I think we have a bit of a bias in our understanding of attributes. One-to-one recommendation, frequency of word use I don't think can be treated as attributes, or special treatment and need to be bundled with the source word. By attributes I mean a small number of different types of tags for a word:

This word is a verb
There are suggestions for this word
This word has three syllables
This word has n characters

etc.

The Trie should point to the ID of these properties, not store it, that's what I mean

0 replies

SilvaQ · 2022-01-11T10:24:15Z

SilvaQ
Jan 11, 2022
Author

Can our tool provide developer guidance documentation?

Help us learn, help us implement some functions when we can.

For me, I can implement it in other languages, such as Python, Golan

0 replies

Jason3S · 2022-01-11T10:52:17Z

Jason3S
Jan 11, 2022
Maintainer

Word attributes cannot be in the Trie because it will explode the size of the Trie. All attribute need to be in a separate data structure. This is because the Trie is not a pure Trie. On the outside, it looks like a standard Trie. But to preserve space, all words that share the same suffix set use the same trie node.

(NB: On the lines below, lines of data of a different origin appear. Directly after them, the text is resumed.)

lemma iso_of_Zn_coords:
  assumes coords: "Zn_coords n S R E"
  shows "pres_group S R \<cong> Zn n"
proof -
  have eq_iff: "pres_eq S R u v \<longleftrightarrow> exp_vec n E u = exp_vec n E v"
    if "word_on S u" "word_on S v" for u v
    using coords that by (simp add: Zn_coords_def)
  define \<phi> where "\<phi> C = exp_vec n E (SOME w. w \<in> C)" for C
  have \<phi>_class: "\<phi> (pres_class S R w) = exp_vec n E w" if w: "word_on S w" for w
  proof -
    have "w \<in> pres_class S R w"
      using w by (simp add: pres_class_def pres_eq.refl)
    then have "pres_eq S R w (SOME w'. w' \<in> pres_class S R w)"
      by (metis pres_class_def mem_Collect_eq someI)
    then show ?thesis
      unfolding \<phi>_def using eq_iff pres_eq_imp_word_on by metis
  qed
  have "\<phi> \<in> iso (pres_group S R) (Zn n)"
  proof (rule isoI)
    show "\<phi> \<in> hom (pres_group S R) (Zn n)"
      by (rule homI)
        (auto simp: carrier_pres_group \<phi>_class exp_vec_in_carrier pres_class_mult exp_vec_append)
    have "inj_on \<phi> (carrier (pres_group S R))"
    proof (rule inj_onI)
      fix C D assume "C \<in> carrier (pres_group S R)" "D \<in> carrier (pres_group S R)" "\<phi> C = \<phi> D"
      then obtain u v where "word_on S u" "word_on S v" "C = pres_class S R u" "D = pres_class S R v"
        "exp_vec n E u = exp_vec n E v"
        by (auto simp: carrier_pres_group \<phi>_class)
      then show "C = D"
        by (simp add: pres_class_eq_iff eq_iff)
    qed
    moreover have "\<phi> ` carrier (pres_group S R) = exp_vec n E ` {w. word_on S w}"
    proof -
      have "carrier (pres_group S R) = pres_class S R ` {w. word_on S w}"
        by (auto simp: carrier_pres_group)
      then show ?thesis
        by (simp add: image_image \<phi>_class cong: image_cong_simp)
    qed
    moreover have "exp_vec n E ` {w. word_on S w} = carrier (Zn n)"
      using coords exp_vec_in_carrier by (auto simp: Zn_coords_def)
    ultimately show "bij_betw \<phi> (carrier (pres_group S R)) (carrier (Zn n))"
      by (simp add: bij_betw_def)
  qed
  then show ?thesis by (rule is_isoI)
qed

lemma subst_word_simps [simp]:
  "subst_word g h i a b [] = []"
  "subst_word g h i a b (s # w) = subst_syl g h i a b s # subst_word g h i a b w"
  "subst_word g h i a b (u @ w) = subst_word g h i a b u @ subst_word g h i a b w"
  "length (subst_word g h i a b w) = length w"
  by (auto simp: subst_word_def)

lemma word_on_subst_word:
  assumes "word_on S w" "i \<noteq> g" "i \<noteq> h"
  shows "word_on ((S \<union> {i}) - {g, h}) (subst_word g h i a b w)"
  using assms by (induction w) (auto simp: subst_syl_def)

lemma three_presentation_subst_word:
  assumes "three_presentation S R" "i \<noteq> g" "i \<noteq> h"
  shows "three_presentation ((S \<union> {i}) - {g, h}) (subst_word g h i a b ` R)"
  using assms word_on_subst_word by (fastforce simp: three_presentation_def)

lemma exp_sum_subst_word:
  assumes "word_on S w" "i \<notin> S"
    and "a * e g + b * e h = 0" "p * a + q * b = 1"
  shows "exp_sum (e(i := q * e g - p * e h)) (subst_word g h i a b w) = exp_sum e w"
proof -
  define c where "c = q * e g - p * e h"
  have "b * c = e g * (p * a + q * b) - p * (a * e g + b * e h)"
    by (simp add: c_def algebra_simps)
  then have g: "b * c = e g"
    using assms(3,4) by simp
  have "- a * c = e h * (p * a + q * b) - q * (a * e g + b * e h)"
    by (simp add: c_def algebra_simps)
  then have h: "- a * c = e h"
    using assms(3,4) by simp
  have syllable: "snd (subst_syl g h i a b s) * (e(i := c)) (fst (subst_syl g h i a b s))
      = snd s * e (fst s)" if "fst s \<in> S" for s
    using that assms(2) g h by (auto simp: subst_syl_def simp flip: g h)
  from assms(1) show ?thesis
    unfolding c_def[symmetric] by (induction w) (simp_all add: syllable del: fun_upd_apply)
qed

lemma pres_eq_subst_word:
  assumes "pres_eq S R u v" "i \<noteq> g" "i \<noteq> h"
  shows "pres_eq ((S \<union> {i}) - {g, h}) (subst_word g h i a b ` R)
    (subst_word g h i a b u) (subst_word g h i a b v)"
  using assms(1)
proof induction
  case (refl w)
  then show ?case
    using assms(2,3) by (intro pres_eq.refl word_on_subst_word)
next
  case (sym u v)
  from sym.IH show ?case by (rule pres_eq.sym)
next
  case (trans u v w)
  from trans.IH show ?case by (rule pres_eq.trans)
next
  case (app u u' v v')
  then show ?case by (simp add: pres_eq.app)
next
  case (merge x a' b')
  have i: "i \<in> (S \<union> {i}) - {g, h}"
    using assms(2,3) by simp
  show ?case
    using merge assms(2,3) pres_eq.merge[OF i, of _ "b * a'" "b * b'"]
      pres_eq.merge[OF i, of _ "- a * a'" "- a * b'"] pres_eq.merge[of x _ _ a' b']
    by (simp add: subst_syl_def distrib_left)
next
  case (zero x)
  then show ?case
    using assms(2,3) pres_eq.zero[of i] pres_eq.zero[of x] by (simp add: subst_syl_def)
next
  case (rel r)
  then have "pres_eq ((S \<union> {i}) - {g, h}) (subst_word g h i a b ` R) (subst_word g h i a b r) []"
    using assms(2,3) by (intro pres_eq.rel imageI word_on_subst_word)
  then show ?case by simp
qed

text \<open>Back-substitution \<open>i \<mapsto> g\<^sup>q h\<^sup>-\<^sup>p\<close>; for \<open>p a + q b = 1\<close> it inverts \<open>subst_word g h i a b\<close>
  up to equality in the new group.\<close>

definition unsubst_word :: "'a \<Rightarrow> 'a \<Rightarrow> 'a \<Rightarrow> int \<Rightarrow> int \<Rightarrow> 'a word \<Rightarrow> 'a word" where
  "unsubst_word g h i p q w =
     concat (map (\<lambda>(x, k). if x = i then [(g, q * k), (h, - p * k)] else [(x, k)]) w)"

lemma unsubst_word_simps [simp]:
  "unsubst_word g h i p q [] = []"
  "unsubst_word g h i p q ((x, k) # w) =
     (if x = i then [(g, q * k), (h, - p * k)] else [(x, k)]) @ unsubst_word g h i p q w"
  by (simp_all add: unsubst_word_def)

lemma word_on_unsubst_word:
  assumes "word_on ((S \<union> {i}) - {g, h}) w" "g \<in> S" "h \<in> S"
  shows "word_on S (unsubst_word g h i p q w)"
  using assms by (induction w) auto

lemma exp_sum_unsubst_word:
  "exp_sum e (unsubst_word g h i p q w) = exp_sum (e(i := q * e g - p * e h)) w"
  by (induction w) (auto simp: algebra_simps)

lemma pres_eq_subst_unsubst_word:
  assumes "word_on ((S \<union> {i}) - {g, h}) w" "g \<noteq> h" "p * a + q * b = 1"
  shows "pres_eq ((S \<union> {i}) - {g, h}) R (subst_word g h i a b (unsubst_word g h i p q w)) w"
  using assms(1)
proof (induction w)
  case Nil
  then show ?case by (simp add: pres_eq.refl)
next
  case (Cons s w)
  obtain x k where s: "s = (x, k)" by (cases s)
  have "pres_eq ((S \<union> {i}) - {g, h}) R (subst_word g h i a b (unsubst_word g h i p q [s])) [s]"
  proof (cases "x = i")
    case True
    have "b * (q * k) + - a * (- p * k) = k * (p * a + q * b)"
      by (simp add: algebra_simps)
    then have "b * (q * k) + - a * (- p * k) = k"
      using assms(3) by simp
    then show ?thesis
      using True s Cons.prems assms(2) pres_eq.merge[of i _ R "b * (q * k)" "- a * (- p * k)"]
      by (simp add: subst_syl_def)
  next
    case False
    then show ?thesis
      using s Cons.prems by (auto simp: subst_syl_def intro: pres_eq.refl)
  qed
  then show ?case
    using Cons pres_eq.app by (fastforce simp: s)
qed

lemma fun_upd_coord: "(\<lambda>x. (E(i := F)) x j) = (\<lambda>x. E x j)(i := F j)"
  by auto

lemma exp_vec_subst_word:
  assumes "word_on S w" "i \<notin> S"
    and "\<And>j. j < n \<Longrightarrow> a * E g j + b * E h j = 0" "p * a + q * b = 1"
  shows "exp_vec n (E(i := \<lambda>j. q * E g j - p * E h j)) (subst_word g h i a b w) = exp_vec n E w"
proof -
  have "exp_sum ((\<lambda>x. E x j)(i := q * E g j - p * E h j)) (subst_word g h i a b w)
      = exp_sum (\<lambda>x. E x j) w" if "j < n" for j
    using assms(1,2) assms(3)[OF that] assms(4) by (rule exp_sum_subst_word)
  then show ?thesis
    unfolding exp_vec_def fun_upd_coord by (intro restrict_ext) (simp del: fun_upd_apply)
qed

lemma exp_vec_unsubst_word:
  "exp_vec n E (unsubst_word g h i p q w) = exp_vec n (E(i := \<lambda>j. q * E g j - p * E h j)) w"
  unfolding exp_vec_def fun_upd_coord exp_sum_unsubst_word ..
(* Let $\alpha_1,\alpha_2>0$ satisfy $\alpha_1-\alpha_2\ge e^2$. Let $p$ be analytic in $\mathbb{D}$ with $p(0)=1$. If $$1+\alpha_1 zp'(z)+\alpha_2 z^2p''(z)\prec 1+ze^z,$$ then $p(z)\prec e^z$.
   Context: $\mathbb{D}$ is the open unit disk. For $g,h$ analytic in $\mathbb{D}$, $g\prec h$ means there is an analytic $w:\mathbb{D}\to\mathbb{D}$ with $w(0)=0$ and $g=h\circ w$. *)

theory Defs
  imports "HOL-Complex_Analysis.Complex_Analysis"
begin

definition subordinate :: "(complex \<Rightarrow> complex) \<Rightarrow> (complex \<Rightarrow> complex) \<Rightarrow> bool"
  (infix "\<prec>\<^sub>D" 50) where
  "g \<prec>\<^sub>D h \<longleftrightarrow> (\<exists>w. w holomorphic_on ball 0 1 \<and> w ` ball 0 1 \<subseteq> ball 0 1 \<and> w 0 = 0
      \<and> (\<forall>z\<in>ball 0 1. g z = h (w z)))"

end

theory Submission
  imports Defs
begin

text \<open>The Schwarz function of the hypothesis shows that
  \<open>\<alpha>\<^sub>1 z p' + \<alpha>\<^sub>2 z\<^sup>2 p''\<close> is bounded by \<open>e |z|\<close>. Along each radius the integrating factor
  \<open>t\<^bsup>\<alpha>\<^sub>1/\<alpha>\<^sub>2\<^esup>\<close> turns this into the bound \<open>|p'| \<le> e/\<alpha>\<^sub>1 \<le> 1/e < 1/2\<close>, so \<open>|p - 1| < 1/2\<close>
  on the disk, and then \<open>w = Ln p\<close> is a Schwarz function with \<open>p = exp \<circ> w\<close>.\<close>

lemma subordinate_norm_diff_le:
  assumes "g \<prec>\<^sub>D h" and "\<And>\<zeta>. \<zeta> \<in> ball 0 1 \<Longrightarrow> norm (h \<zeta> - h 0) \<le> M * norm \<zeta>"
    and "z \<in> ball 0 1"
  shows "norm (g z - g 0) \<le> M * norm z"
proof -
  obtain w where w: "w holomorphic_on ball 0 1" "w ` ball 0 1 \<subseteq> ball 0 1" "w 0 = 0"
    and gw: "\<And>z. z \<in> ball 0 1 \<Longrightarrow> g z = h (w z)"
    using assms(1) unfolding subordinate_def by blast
  have wz: "w z \<in> ball 0 1" using w(2) assms(3) by blast
  have "norm (g z - g 0) = norm (h (w z) - h 0)" using gw assms(3) w(3) by simp
  also have "\<dots> \<le> M * norm (w z)" using assms(2) wz .
  also have "\<dots> \<le> M * norm z"
  proof (rule mult_left_mono)
    show "norm (w z) \<le> norm z"
      using Schwarz_Lemma(1)[OF w(1) w(3)] w(2) assms(3) by (force simp: subset_iff)
    show "0 \<le> M" using assms(2)[of "1/2"] by (simp, smt (verit) norm_ge_zero)
  qed
  finally show ?thesis .
qed

lemma norm_mult_exp_le:
  fixes \<zeta> :: complex
  assumes "norm \<zeta> \<le> 1"
  shows "norm (\<zeta> * exp \<zeta>) \<le> exp 1 * norm \<zeta>"
proof -
  have "Re \<zeta> \<le> 1" using complex_Re_le_cmod[of \<zeta>] assms by linarith
  then have "norm (exp \<zeta>) \<le> exp 1" by (simp add: norm_exp_eq_Re)
  then show ?thesis by (simp add: norm_mult mult.commute mult_left_mono)
qed

text \<open>With \<open>\<gamma> = a\<^sub>1/a\<^sub>2\<close> and \<open>\<zeta> = s z\<close>, the derivative of \<open>s\<^bsup>\<gamma>\<^esup> z D(s z)\<close> is
  \<open>s\<^bsup>\<gamma>-2\<^esup>/a\<^sub>2 \<cdot> (a\<^sub>1 \<zeta> D \<zeta> + a\<^sub>2 \<zeta>\<^sup>2 D' \<zeta>)\<close>, which is bounded by the derivative of \<open>s\<^bsup>\<gamma>\<^esup> K|z|/a\<^sub>1\<close>.\<close>

lemma Euler_bound_imp_norm_mult_le:
  fixes a1 a2 K :: real and D :: "complex \<Rightarrow> complex"
  assumes a1: "a1 > 0" and a2: "a2 > 0" and z: "norm z < 1"
    and hol: "D holomorphic_on ball 0 1"
    and Euler: "\<And>\<zeta>. \<zeta> \<in> ball 0 1 \<Longrightarrow>
        norm (of_real a1 * \<zeta> * D \<zeta> + of_real a2 * \<zeta>\<^sup>2 * deriv D \<zeta>) \<le> K * norm \<zeta>"
  shows "norm (z * D z) \<le> K * norm z / a1"
proof -
  define \<gamma> where "\<gamma> = a1 / a2"
  have \<gamma>: "\<gamma> > 0" using a1 a2 by (simp add: \<gamma>_def)
  define C where "C = K * norm z / a1"
  define f where "f = (\<lambda>s::real. (s powr \<gamma>) *\<^sub>R (z * D (of_real s * z)))"
  define f' where "f' = (\<lambda>s::real. (s powr \<gamma>) *\<^sub>R (z * (deriv D (of_real s * z) * z))
       + (\<gamma> * s powr (\<gamma> - 1)) *\<^sub>R (z * D (of_real s * z)))"
  define \<phi> where "\<phi> = (\<lambda>s::real. C * s powr \<gamma>)"
  define \<phi>' where "\<phi>' = (\<lambda>s::real. C * (\<gamma> * s powr (\<gamma> - 1)))"
  have inball: "of_real s * z \<in> ball 0 1" if "s \<in> {0..1}" for s
  proof -
    have "norm (of_real s * z) = \<bar>s\<bar> * norm z" by (simp add: norm_mult)
    also have "\<dots> \<le> norm z" using that by (simp add: mult_left_le_one_le)
    finally show ?thesis using z by simp
  qed
  have dD: "(D has_field_derivative deriv D \<zeta>) (at \<zeta>)" if "\<zeta> \<in> ball 0 1" for \<zeta>
    by (rule holomorphic_derivI[OF hol open_ball that])
  have "continuous_on {0..1} (\<lambda>s::real. D (of_real s * z))"
    by (rule continuous_on_compose2[OF holomorphic_on_imp_continuous_on[OF hol]])
       (auto intro!: continuous_intros inball)
  then have cf: "continuous_on {0..1} f"
    unfolding f_def by (intro continuous_intros continuous_on_powr') (use \<gamma> in auto)
  have c\<phi>: "continuous_on {0..1} \<phi>"
    unfolding \<phi>_def by (intro continuous_intros continuous_on_powr') (use \<gamma> in auto)
  have df: "(f has_vector_derivative f' s) (at s)" if s: "0 < s" "s < 1" for s
  proof -
    have "((\<lambda>\<zeta>. D (\<zeta> * z)) has_field_derivative deriv D (of_real s * z) * z) (at (of_real s))"
      using DERIV_chain2[OF dD[OF inball] DERIV_cmult_right[OF DERIV_ident, of z]] s by simp
    then have "((\<lambda>\<zeta>. z * D (\<zeta> * z)) has_field_derivative
        z * (deriv D (of_real s * z) * z)) (at (of_real s))"
      by (rule DERIV_cmult)
    then have "((\<lambda>x. z * D (of_real x * z)) has_vector_derivative
        z * (deriv D (of_real s * z) * z)) (at s)"
      by (rule has_vector_derivative_real_field)
    then show ?thesis
      unfolding f_def f'_def
      by (rule has_vector_derivative_scaleR[OF has_real_derivative_powr[OF s(1)]])
  qed
  have d\<phi>: "(\<phi> has_vector_derivative \<phi>' s) (at s)" if s: "0 < s" "s < 1" for s
    unfolding \<phi>_def \<phi>'_def has_real_derivative_iff_has_vector_derivative[symmetric]
    by (rule DERIV_cmult[OF has_real_derivative_powr[OF s(1)]])
  have bnd: "norm (f' s) \<le> \<phi>' s" if s: "0 < s" "s < 1" for s
  proof -
    define \<zeta> where "\<zeta> = of_real s * z"
    define c where "c = s powr (\<gamma> - 2)"
    have c: "c > 0" using s by (simp add: c_def)
    have "s powr \<gamma> = c * s^2" using powr_add[of s "\<gamma> - 2" 2] s by (simp add: c_def)
    moreover have c_s: "s powr (\<gamma> - 1) = c * s" using powr_add[of s "\<gamma> - 2" 1] s by (simp add: c_def)
    ultimately have "f' s = (c / a2) *\<^sub>R
        (of_real a1 * \<zeta> * D \<zeta> + of_real a2 * \<zeta>\<^sup>2 * deriv D \<zeta>)"
      using a2 unfolding f'_def \<zeta>_def \<gamma>_def
      by (simp add: scaleR_conv_of_real field_simps power2_eq_square)
    then have "norm (f' s) = (c / a2) *
        norm (of_real a1 * \<zeta> * D \<zeta> + of_real a2 * \<zeta>\<^sup>2 * deriv D \<zeta>)"
      using c a2 by simp
    also have "\<dots> \<le> (c / a2) * (K * norm \<zeta>)"
      by (rule mult_left_mono[OF Euler]) (use inball[of s] s c a2 in \<open>auto simp: \<zeta>_def\<close>)
    also have "\<dots> = \<phi>' s"
      unfolding \<phi>'_def c_s unfolding C_def \<gamma>_def \<zeta>_def using s a1 a2 by (simp add: norm_mult field_simps)
    finally show ?thesis .
  qed
  have "norm (f 1 - f 0) \<le> \<phi> 1 - \<phi> 0"
    by (rule differentiable_bound_general[OF zero_less_one cf c\<phi> df d\<phi> bnd])
  then show ?thesis using \<gamma> by (simp add: f_def \<phi>_def C_def)
qed

lemma Euler_bound_imp_norm_le:
  fixes a1 a2 K :: real and D :: "complex \<Rightarrow> complex"
  assumes "a1 > 0" and "a2 > 0" and hol: "D holomorphic_on ball 0 1"
    and "\<And>\<zeta>. \<zeta> \<in> ball 0 1 \<Longrightarrow>
        norm (of_real a1 * \<zeta> * D \<zeta> + of_real a2 * \<zeta>\<^sup>2 * deriv D \<zeta>) \<le> K * norm \<zeta>"
    and z: "z \<in> ball 0 1"
  shows "norm (D z) \<le> K / a1"
proof -
  have punctured: "norm (D \<zeta>) \<le> K / a1" if "\<zeta> \<in> ball 0 1" "\<zeta> \<noteq> 0" for \<zeta>
  proof -
    have "norm \<zeta> * norm (D \<zeta>) \<le> norm \<zeta> * (K / a1)"
      using Euler_bound_imp_norm_mult_le[OF assms(1,2) _ hol assms(4), of \<zeta>] that
      by (simp add: norm_mult mult.commute)
    then show ?thesis using that by (subst (asm) mult_le_cancel_left_pos) auto
  qed
  show ?thesis
  proof (cases "z = 0")
    case True
    have "isCont D 0"
      using holomorphic_on_imp_continuous_on[OF hol] by (simp add: continuous_on_interior)
    then have "((\<lambda>x. norm (D x)) \<longlongrightarrow> norm (D 0)) (at 0)"
      by (intro tendsto_norm) (simp add: isCont_def)
    moreover have "eventually (\<lambda>x. norm (D x) \<le> K / a1) (at 0)"
      unfolding eventually_at by (rule exI[of _ 1]) (auto intro!: punctured simp: dist_norm)
    ultimately show ?thesis using True by (auto intro: tendsto_upperbound)
  qed (use punctured z in blast)
qed

lemma norm_Ln_one_plus_less_one:
  fixes u :: complex
  assumes "norm u < 1 / 2"
  shows "norm (Ln (1 + u)) < 1"
proof -
  define r where "r = norm u"
  have r: "0 \<le> r" "r < 1 / 2" using assms by (auto simp: r_def)
  have "norm (Ln (1 + u) - u) \<le> r\<^sup>2 / (1 - r)"
    unfolding r_def by (rule Ln_approx_linear) (use r in \<open>simp add: r_def\<close>)
  then have "norm (Ln (1 + u)) \<le> r + r\<^sup>2 / (1 - r)"
    using norm_triangle_ineq[of "Ln (1 + u) - u" u] unfolding r_def by simp
  also have "\<dots> < 1" using r by (simp add: field_simps power2_eq_square)
  finally show ?thesis .
qed

lemma subordinate_exp_if_norm_diff_one_less:
  assumes hol: "p holomorphic_on ball 0 1" and p0: "p 0 = 1"
    and near: "\<And>z. z \<in> ball 0 1 \<Longrightarrow> norm (p z - 1) < 1 / 2"
  shows "p \<prec>\<^sub>D exp"
proof -
  have Re_pos: "Re (p z) > 0" if "z \<in> ball 0 1" for z
    using complex_Re_le_cmod[of "1 - p z"] near[OF that] by (simp add: norm_minus_commute)
  show ?thesis unfolding subordinate_def
  proof (intro exI[of _ "\<lambda>z. Ln (p z)"] conjI ballI)
    show "(\<lambda>z. Ln (p z)) holomorphic_on ball 0 1"
      by (rule holomorphic_on_Ln'[OF _ hol]) (use Re_pos in \<open>fastforce simp: complex_nonpos_Reals_iff\<close>)
    show "(\<lambda>z. Ln (p z)) ` ball 0 1 \<subseteq> ball 0 1"
      using norm_Ln_one_plus_less_one[OF near] by auto
    show "Ln (p 0) = 0" using p0 by simp
    show "p z = exp (Ln (p z))" if "z \<in> ball 0 1" for z
      using Re_pos[OF that] by (subst exp_Ln) auto
  qed
qed

theorem theorem4p8:
  fixes \<alpha>1 \<alpha>2 :: real and p :: "complex \<Rightarrow> complex"
  assumes "\<alpha>1 > 0" and "\<alpha>2 > 0" and "\<alpha>1 - \<alpha>2 \<ge> exp 2"
    and "p holomorphic_on ball 0 1" and "p 0 = 1"
    and "(\<lambda>z. 1 + of_real \<alpha>1 * z * deriv p z + of_real \<alpha>2 * z\<^sup>2 * deriv (deriv p) z)
           \<prec>\<^sub>D (\<lambda>z. 1 + z * exp z)"
  shows "p \<prec>\<^sub>D exp"
proof -
  have Euler: "norm (of_real \<alpha>1 * \<zeta> * deriv p \<zeta> + of_real \<alpha>2 * \<zeta>\<^sup>2 * deriv (deriv p) \<zeta>)
      \<le> exp 1 * norm \<zeta>" if "\<zeta> \<in> ball 0 1" for \<zeta>
  proof -
    have "norm ((1 + \<xi> * exp \<xi>) - (1 + 0 * exp 0)) \<le> exp 1 * norm \<xi>"
      if "\<xi> \<in> ball 0 1" for \<xi> :: complex
      using norm_mult_exp_le[of \<xi>] that by simp
    from subordinate_norm_diff_le[OF assms(6) this that] show ?thesis by simp
  qed
  have "exp 1 * exp 1 \<le> \<alpha>1"
    using assms(2,3) exp_add[of "1::real" 1] by simp
  then have "exp 1 / \<alpha>1 \<le> 1 / exp 1"
    using assms(1) by (simp add: field_simps)
  also have "\<dots> \<le> 1 / 2"
    using exp_ge_add_one_self[of "1::real"] by simp
  finally have "exp 1 / \<alpha>1 \<le> 1 / 2" .
  have "norm (p z - 1) < 1 / 2" if z: "z \<in> ball 0 1" for z
  proof -
    have "norm (p z - p 0) \<le> exp 1 / \<alpha>1 * norm (z - 0)"
      by (rule field_differentiable_bound[of "ball 0 1"])
         (use z Euler_bound_imp_norm_le[OF assms(1,2) holomorphic_deriv[OF assms(4) open_ball] Euler]
           holomorphic_derivI[OF assms(4) open_ball] in auto)
    then have "norm (p z - 1) \<le> exp 1 / \<alpha>1 * norm z" using assms(5) by simp
    also have "\<dots> \<le> 1 / 2 * norm z"
      using \<open>exp 1 / \<alpha>1 \<le> 1 / 2\<close> by (rule mult_right_mono) simp
    also have "\<dots> < 1 / 2" using z by simp
    finally show ?thesis .
  qed
  then show ?thesis
    using subordinate_exp_if_norm_diff_one_less[OF assms(4,5)] by blast
qed

end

In the Trie, the words talking and ring share the same sub-trie ing. Because of this, adding attributes into the Trie leaf nodes would prevent any sharing of sub-tries.

0 replies

SilvaQ · 2022-01-12T02:31:14Z

SilvaQ
Jan 12, 2022
Author

I think sharing substrings is a great optimization, but it's possible that other Trie features don't work as well。
I thought about how to do this based on the characteristics of the Trie discussed above, and spent a diagram, mainly to use the path ID as an aid to solve the problem。

But in the end I was a little hesitant about whether it was wise for us to play around with the Trie structure. After all, the two sides of the Trie structure are recommendations. We kind of force it to do other things and it forces ourselves

I think our RFC is more powerful, and I think it's probably smarter for us to focus on that

0 replies

Jason3S · 2022-01-12T06:57:04Z

Jason3S
Jan 12, 2022
Maintainer

Your diagram is an excellent example of the indexing.

0 replies

Jason3S · 2022-01-12T06:58:22Z

Jason3S
Jan 12, 2022
Maintainer

Did you mean this?

Meaning to add words like: hte@the?

0 replies

SilvaQ · 2022-01-12T07:09:39Z

SilvaQ
Jan 12, 2022
Author

I mean let's not mess with the Trie, let's do it through the configuration file like this:

In the following picture I want to split the path of the recommendation word by the @ sign。

hte --> e -> e,curPath@wordLen@suggestionWordPath(some thing like dec(010101))
If we find e, and its path matches currentPath, we assume it has a recommendation, we find the recommendation by following the recommendation path, for example recommendation length 3, decimal value 6 then the path should be 110, (Dec (110)=6)

0 replies

Jason3S · 2022-01-12T07:29:11Z

Jason3S
Jan 12, 2022
Maintainer

For suggestions, I was planning on using a word list like this:

Wikipedia:Lists of common misspellings/For machines - Wikipedia

Notice that there can be multiple suggestions for a word.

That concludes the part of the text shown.